Friday, April 18, 2008


1. Here is where the original conflict arises:

.....David did (1 Samuel 17:50) - "Thus David prevailed over the Philistine with a sling and a stone, and he struck the Philistine and killed him; but there was no sword in David's hand."

.....Elhanan did (2 Sam. 21:19)- "And there was war with the Philistines again at Gob, and Elhanan the son of Jaare-oregim the Bethlehemite killed Goliath the Gittite, the shaft of whose spear was like a weaver's beam." [Although it is not clear that Ephrata was called Bethlehem at that time].

The answer may lie in two areas.


.....1 Chronicles 20:5 says, "And there was war with the Philistines again, and Elhanan the son of Jair killed Lahmi the brother of Goliath the Gittite, the shaft of whose spear was like a weaver's beam."
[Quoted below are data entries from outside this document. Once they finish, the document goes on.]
lemma block_right_turn:
  assumes "i < j" "j < k" "k \<le> d" "p \<in> block d i" "q \<in> block d j" "r \<in> block d k"
  shows "right_turn p q r"
proof -
  define T where "T = block_spacing d"
  have box: "bit_point S \<in> {0..4 ^ d} \<times> {0..real d * 4 ^ d}" if "S \<subseteq> {..<d}" for S
    using bit_point_bounds[OF that] by (simp add: mem_Times_iff)
  obtain A where A: "A \<subseteq> {..<d}" "p = shift (real i * T) (- T * (real i)\<^sup>2) (bit_point A)"
    using assms(4) unfolding T_def by (rule blockE)
  obtain B where B: "B \<subseteq> {..<d}" "q = shift (real j * T) (- T * (real j)\<^sup>2) (bit_point B)"
    using assms(5) unfolding T_def by (rule blockE)
  obtain C where C: "C \<subseteq> {..<d}" "r = shift (real k * T) (- T * (real k)\<^sup>2) (bit_point C)"
    using assms(6) unfolding T_def by (rule blockE)
  have "orient p q r < 0"
    unfolding A(2) B(2) C(2)
    by (rule orient_shifted_parabola[where D = "real d" and W = "4 ^ d" and H = "real d * 4 ^ d"])
      (use assms box A(1) B(1) C(1) in \<open>auto simp: T_def block_spacing_def\<close>)
  then show ?thesis by (simp add: right_turn_iff_orient)
qed

lemma block_Ints: "p \<in> block d i \<Longrightarrow> fst p \<in> \<int> \<and> snd p \<in> \<int>"
  by (elim blockE) (auto simp: shift_def block_spacing_def intro!: Ints_add Ints_mult bit_point_Ints)

lemma block_spacing_bounds:
  "real d * block_spacing d + 4 ^ d - 1 \<le> 40 * 4 ^ d * real d ^ 3"
  "block_spacing d * (real d)\<^sup>2 + real d * 4 ^ d \<le> 40 * 4 ^ d * real d ^ 3"
proof -
  have cubic: "16 * (real d)\<^sup>2 + 16 * real d + 1 \<le> 40 * real d ^ 3"
    "16 * real d ^ 3 + 16 * (real d)\<^sup>2 + real d \<le> 40 * real d ^ 3" if "d \<noteq> 0"
  proof -
    have "1 \<le> real d" "real d \<le> (real d)\<^sup>2" "(real d)\<^sup>2 \<le> real d ^ 3"
      using that by (simp_all add: power2_eq_square power3_eq_cube)
    then show "16 * (real d)\<^sup>2 + 16 * real d + 1 \<le> 40 * real d ^ 3"
      "16 * real d ^ 3 + 16 * (real d)\<^sup>2 + real d \<le> 40 * real d ^ 3" by linarith+
  qed
  show "real d * block_spacing d + 4 ^ d - 1 \<le> 40 * 4 ^ d * real d ^ 3"
  proof (cases "d = 0")
    case False
    then have "(16 * (real d)\<^sup>2 + 16 * real d + 1) * 4 ^ d \<le> (40 * real d ^ 3) * 4 ^ d"
      using cubic(1) by (intro mult_right_mono) auto
    then show ?thesis by (simp add: block_spacing_def algebra_simps power2_eq_square)
  qed (simp add: block_spacing_def)
  show "block_spacing d * (real d)\<^sup>2 + real d * 4 ^ d \<le> 40 * 4 ^ d * real d ^ 3"
  proof (cases "d = 0")
    case False
    then have "(16 * real d ^ 3 + 16 * (real d)\<^sup>2 + real d) * 4 ^ d \<le> (40 * real d ^ 3) * 4 ^ d"
      using cubic(2) by (intro mult_right_mono) auto
    then show ?thesis by (simp add: block_spacing_def algebra_simps power2_eq_square power3_eq_cube)
  qed (simp add: block_spacing_def)
qed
.....The seeming conflicts that arise in the four Books of the Kings (including Samuel in the sectarian versions) begin with the faulty chronologies which appeared earlier. When the Imperial scriptorium (the chancellery of Pharaoh Akenaten) of Amarna was found it contained correspondence from the Pharaoh's vassal states in Canaan and Lebanon. It became clear from these official document, which reported events, troubles and wars in the Levantine region, that the Kingdom of Israel was established during this reign. Both Saul and David reigned during and just after the reign of Akhenaten at Amarna in Egypt, although in the exchanges between the Pharaoh and his officials in Canaan/Philistia, the are referred to as Labada and Elhanan. This is because Saul and David are almost certainly "throne names," and not birth names. The documents testify to the reign of both monarchs in Israel, and also verify much of the information about battles, personalities and towns or cities mentioned in the Books of the Kings.
.....We will return to that era later, but we must note that these facts move the dates of the exodus from Egypt back quite a distance. It had been assumed that the Israelite Hebrews departed from Egypt in the time of Rameses II, son of Seti during the 19th dynasty. However, Akhenaten was still part of the 18th dynasty. He ruled from 1279-1213, after death the of Akhenaten, and of Saul of Israel. In fact, the decree for the killing of the firstborn of the "Asiatics" was issued during the reign of Kaneferre-Khoteppe IV while the "Asiatics," settlers, including Hebrews and Israelite Hebrews (Habiru — vagabonds) were in the area that the Hebrew Scripture calls Goshen, in the area of the city of Avaris, where Joseph had lived (both his empty tomb and memorial statue have been unearthed in Avaris). This decree was issued during the 13th dynasty, while Hammurabi was ruling in Babylon (c.1565-1523 B.C.). The exodus would have taken place during the reign of Zheneferre-Tutimoses, who was crowned in Karnak in 1450 BC. This pharaoh had a summer palace at Avaris, and it was there that Moses came to him when he returned from to Egypt to lead the people of YHWH out of bondage and back to Canaan.
.....This indicates that the old chronology is 237 (+-) years too late. Nevertheless, the reign of David, which some had considered mythological, and the details of the reign of Saul and David are confirmed in the documents that have forced the re-calculation of the chronology. We should also bear in mind that the name Habiru (Hebrew) applied not only to the wanderers from the line of Abraham, but to many of the "Asiatics" who had settled in Northern Egypt, including Canaanites. This will explain some of the other apparent contradictions or confusion that appears to occur in the Books of the Kings. (More on all this later).